4. This is because the worker is not only a producer he is also a consumer. A steel worker does not merely produce steel, he and his family also consume food, clothing, shoes, and a host of other articles. If he loses his job his purchasing capacity is drastically reduced, and consequently he has to drastically reduce his consumption. He will now buy only essentials like food and medicines (to survive) but he stops buying most industrial goods like cars, gadgets, etc.

This reduction in spending leads to reduction in sales, which in turn leads to recession

5. The solution to the problem is therefore to increase the purchasing power of the masses. There is no difficulty in increasing production, but how will the goods produced be sold when most people do not have the money to buy?

6. The French economist Jean Baptiste Say propounded his well known ‘Say’s Law ‘ which says that production will find its own demand, and Adam Smith in his ‘ Wealth of Nations’ spoke of “the invisible hand” which will lead to unending progress. However, subsequent developments, particularly the Great Depression from 1929 to 1939 have proved these theories false

Hence the problem is not how to increase production (that can easily be done with the large number of competent engineers and immense natural resources we have) but how to raise the purchasing power of the masses, so that the goods produced can be sold. But how is this to be done? This is the problem to which all serious thinkers must now apply their minds.

In socialist countries the method of raising the purchasing power of the masses, and thereby rapidly expanding the economy and consequently abolishing unemployment, was broadly this:

(a) Prices of commodities were fixed by the government.

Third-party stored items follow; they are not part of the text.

(* Let $a\in\mathbb{R}$ and $b>0$. The equation $g(x)+g(x+a)+g(x+b)=0$ ($x\in\mathbb{R}$) admits a continuous periodic solution $g:\mathbb{R}\to\mathbb{R}$ that is not identically zero if and only if $$\frac{a}{b}\in\left\{\frac{2+3k}{1+3m},\ \frac{1+3m}{2+3k}:\ (m,k)\in\mathbb{Z}^2\right\}.$$ In particular, if $a/b\notin\mathbb{Q}$ then the equation admits no nonzero continuous periodic solution, and there are infinitely many rational numbers $p/q$ such that $a/b=p/q$ implies the equation admits no nonzero continuous periodic solution. *)

theory Defs
  imports Complex_Main
begin

definition periodic_fun :: "(real \<Rightarrow> real) \<Rightarrow> bool" where
  "periodic_fun g \<longleftrightarrow> (\<exists>T>0. \<forall>x. g (x + T) = g x)"

definition has_nonzero_cont_periodic_sol :: "real \<Rightarrow> real \<Rightarrow> bool" where
  "has_nonzero_cont_periodic_sol a b \<longleftrightarrow>
     (\<exists>g::real \<Rightarrow> real. continuous_on UNIV g \<and> periodic_fun g \<and> (\<exists>x. g x \<noteq> 0) \<and>
        (\<forall>x. g x + g (x + a) + g (x + b) = 0))"

definition ratio_set :: "real set" where
  "ratio_set = {r. \<exists>m k :: int. r = (2 + 3 * of_int k) / (1 + 3 * of_int m)
                              \<or> r = (1 + 3 * of_int m) / (2 + 3 * of_int k)}"

end

theory Submission
  imports Defs "HOL-Analysis.Analysis" "HOL-Library.Periodic_Fun"
begin

(* For a continuous T-periodic g and n \<in> \<int> let c_n(g) be its n-th Fourier
   coefficient.  Shifting g by d multiplies c_n(g) by cis(-2\<pi>nd/T), so the functional
   equation g(x) + g(x+a) + g(x+b) = 0 gives (1 + cis(la) + cis(lb)) c_n(g) = 0 with
   l = -2\<pi>n/T.  A nonzero continuous periodic g has some nonzero coefficient (uniqueness
   of Fourier coefficients, proved via the even function g(s+x) + g(s-x), which is a
   continuous function of cos(2\<pi>x/T), and the Weierstrass approximation theorem), hence
   some real l with 1 + cis(la) + cis(lb) = 0.  Conversely such an l yields the solution
   cos(lx).  So solvability is equivalent to the existence of a frequency l with
   1 + cis(la) + cis(lb) = 0, i.e. {la, lb} \<equiv> {2\<pi>/3, -2\<pi>/3} modulo 2\<pi>, which is
   equivalent to a/b \<in> ratio_set.  The set ratio_set consists of rationals and contains
   no multiple of 3, which gives the two remaining claims. *)

section \<open>Integrals of periodic functions\<close>

lemma periodic_integral_shift:
  fixes h :: "real \<Rightarrow> 'a::euclidean_space"
  assumes T: "T > 0" and cont: "continuous_on UNIV h" and per: "\<And>x. h (x + T) = h x"
  shows "integral {0..T} (\<lambda>x. h (x + s)) = integral {0..T} h"
proof -
  interpret periodic_fun_simple h T by standard (rule per)
  define r where "r = s - of_int \<lfloor>s / T\<rfloor> * T"
  have r0: "0 \<le> r" and rT: "r < T"
    using T floor_divide_lower[OF T, of s] floor_divide_upper[OF T, of s]
    by (simp_all add: r_def algebra_simps)
  have hs: "h (x + s) = h (x + r)" for x
    using plus_of_int[of "x + r" "\<lfloor>s / T\<rfloor>"] by (simp add: r_def algebra_simps)
  have ci: "continuous_on S h" for S using cont continuous_on_subset by blast
  have "integral {0..T} (\<lambda>x. h (x + s)) = integral {r..T+r} h"
    using integral_shift[OF ci, of 0 T r] hs by (simp add: o_def)
  also have "\<dots> = integral {r..T} h + integral {T..T+r} h"
    using r0 rT
    by (intro Henstock_Kurzweil_Integration.integral_combine[symmetric]) (auto intro: integrable_continuous_interval ci)
  also have "integral {T..T+r} h = integral {0..r} h"
    using integral_shift[OF ci, of 0 r T] by (simp add: o_def per add.commute)
  also have "integral {r..T} h + integral {0..r} h = integral {0..T} h"
    using r0 rT Henstock_Kurzweil_Integration.integral_combine[of 0 r T h] integrable_continuous_interval[OF ci]
    by (simp add: add.commute)
  finally show ?thesis .
qed

lemma periodic_integral_reflect:
  fixes h :: "real \<Rightarrow> 'a::euclidean_space"
  assumes T: "T > 0" and cont: "continuous_on UNIV h" and per: "\<And>x. h (x + T) = h x"
  shows "integral {0..T} (\<lambda>x. h (s - x)) = integral {0..T} h"
proof -
  have "integral {0..T} (\<lambda>x. h (s - x)) = integral {-T..0} (\<lambda>y. h (s + y))"
    using Henstock_Kurzweil_Integration.integral_reflect_real[of 0 "-T" "\<lambda>y. h (s + y)"] by simp
  also have "\<dots> = integral {-T..0} ((\<lambda>y. h (y + (s - T))) \<circ> (\<lambda>x. x + T))"
    by (simp add: o_def algebra_simps)
  also have "\<dots> = integral {0..T} (\<lambda>y. h (y + (s - T)))"
    by (subst integral_shift) (auto intro!: continuous_intros continuous_on_compose2[OF cont])
  also have "\<dots> = integral {0..T} h" using periodic_integral_shift[OF T cont per, of "s - T"] .
  finally show ?thesis .
qed

section \<open>Fourier coefficients\<close>

definition fourier_coeff :: "real \<Rightarrow> (real \<Rightarrow> real) \<Rightarrow> int \<Rightarrow> complex" where
  "fourier_coeff T g n = integral {0..T} (\<lambda>x. complex_of_real (g x) * cis (2*pi * of_int n * x / T))"

lemma fourier_integrand_continuous:
  assumes "continuous_on UNIV g"
  shows "continuous_on UNIV (\<lambda>x. complex_of_real (g x) * cis (2*pi * of_int n * x / T))"
  unfolding divide_inverse by (auto intro!: continuous_intros continuous_on_compose2[OF assms])

lemma fourier_integrand_integrable:
  assumes "continuous_on UNIV g"
  shows "(\<lambda>x. complex_of_real (g x) * cis (2*pi * of_int n * x / T)) integrable_on {a..b}"
  using fourier_integrand_continuous[OF assms] continuous_on_subset
  by (blast intro: integrable_continuous_interval)

lemma fourier_integrand_periodic:
  assumes T: "T \<noteq> 0" and per: "\<And>x. g (x + T) = g x"
  shows "complex_of_real (g (x + T)) * cis (2*pi * of_int n * (x + T) / T)
       = complex_of_real (g x) * cis (2*pi * of_int n * x / T)"
proof -
  have "2*pi * of_int n * (x + T) / T = 2*pi * of_int n * x / T + 2*pi * of_int n"
    using T by (simp add: field_simps)
  then show ?thesis by (simp add: per flip: cis_mult)
qed

lemma fourier_coeff_add:
  assumes "continuous_on UNIV f" and "continuous_on UNIV g"
  shows "fourier_coeff T (\<lambda>x. f x + g x) n = fourier_coeff T f n + fourier_coeff T g n"
  unfolding fourier_coeff_def
  using integral_add[OF fourier_integrand_integrable[OF assms(1)] fourier_integrand_integrable[OF assms(2)]]
  by (simp add: distrib_right)

lemma fourier_coeff_shift:
  assumes T: "T > 0" and cont: "continuous_on UNIV g" and per: "\<And>x. g (x + T) = g x"
  shows "fourier_coeff T (\<lambda>x. g (x + d)) n = cis (-(2*pi * of_int n * d / T)) * fourier_coeff T g n"
proof -
  define k where "k = (\<lambda>y. complex_of_real (g y) * cis (2*pi * of_int n * y / T))"
  have twist: "complex_of_real (g (x + d)) * cis (2*pi * of_int n * x / T)
      = k (x + d) * cis (-(2*pi * of_int n * d / T))" for x
  proof -
    have "2*pi * of_int n * (x + d) / T + -(2*pi * of_int n * d / T) = 2*pi * of_int n * x / T"
      using T by (simp add: field_simps)
    then show ?thesis unfolding k_def by (simp add: cis_mult mult.assoc)
  qed
  have "integral {0..T} (\<lambda>x. k (x + d)) = integral {0..T} k"
    using periodic_integral_shift[OF T] fourier_integrand_continuous[OF cont]
      fourier_integrand_periodic[of T g, OF _ per] T unfolding k_def by blast
  then have "fourier_coeff T (\<lambda>x. g (x + d)) n = fourier_coeff T g n * cis (-(2*pi * of_int n * d / T))"
    unfolding fourier_coeff_def twist integral_mult_left by (simp add: k_def)
  then show ?thesis by (simp add: mult.commute)
qed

(b) These prices were reduced by 5-10% every 2 years or so

(c) This resulted in steadily increasing the purchasing power of the masses, because with the same income people could buy more goods. In other words, the real income of the masses went up even if nominally it remained the same (since real wage is relative to the price index).

(d) Simultaneously, production was stepped up, and this increased production could be sold in the domestic market, as the purchasing power of people was steadily rising.

(e) This led to rapid expansion of the economy, leading to creation of millions of jobs and thereby abolition of unemployment.

During the Great Depression which hit the Western economies in 1929 (it continued till the breakout of the Second World War in 1939, despite the New Deal of President Franklin Roosevelt) when about one third or more people in Western countries were unemployed and factories were shutting down, the Soviet economy was rapidly expanding and unemployment abolished in the Soviet Union by following the above methodology.

Of course this was only possible in a socialist economy, where the problem was solved by state action.

I am not saying that we must necessarily follow the method adopted by socialist countries. We can adopt any other method if thereby we can raise the purchasing power of the Indian masses and thereby rapidly expand the Indian economy, which is the only way of eliminating the recession and abolishing unemployment in India. The central point, and therefore the main problem before India, is how to raise the purchasing power of the masses? Do we follow the method of socialist countries, or some other method?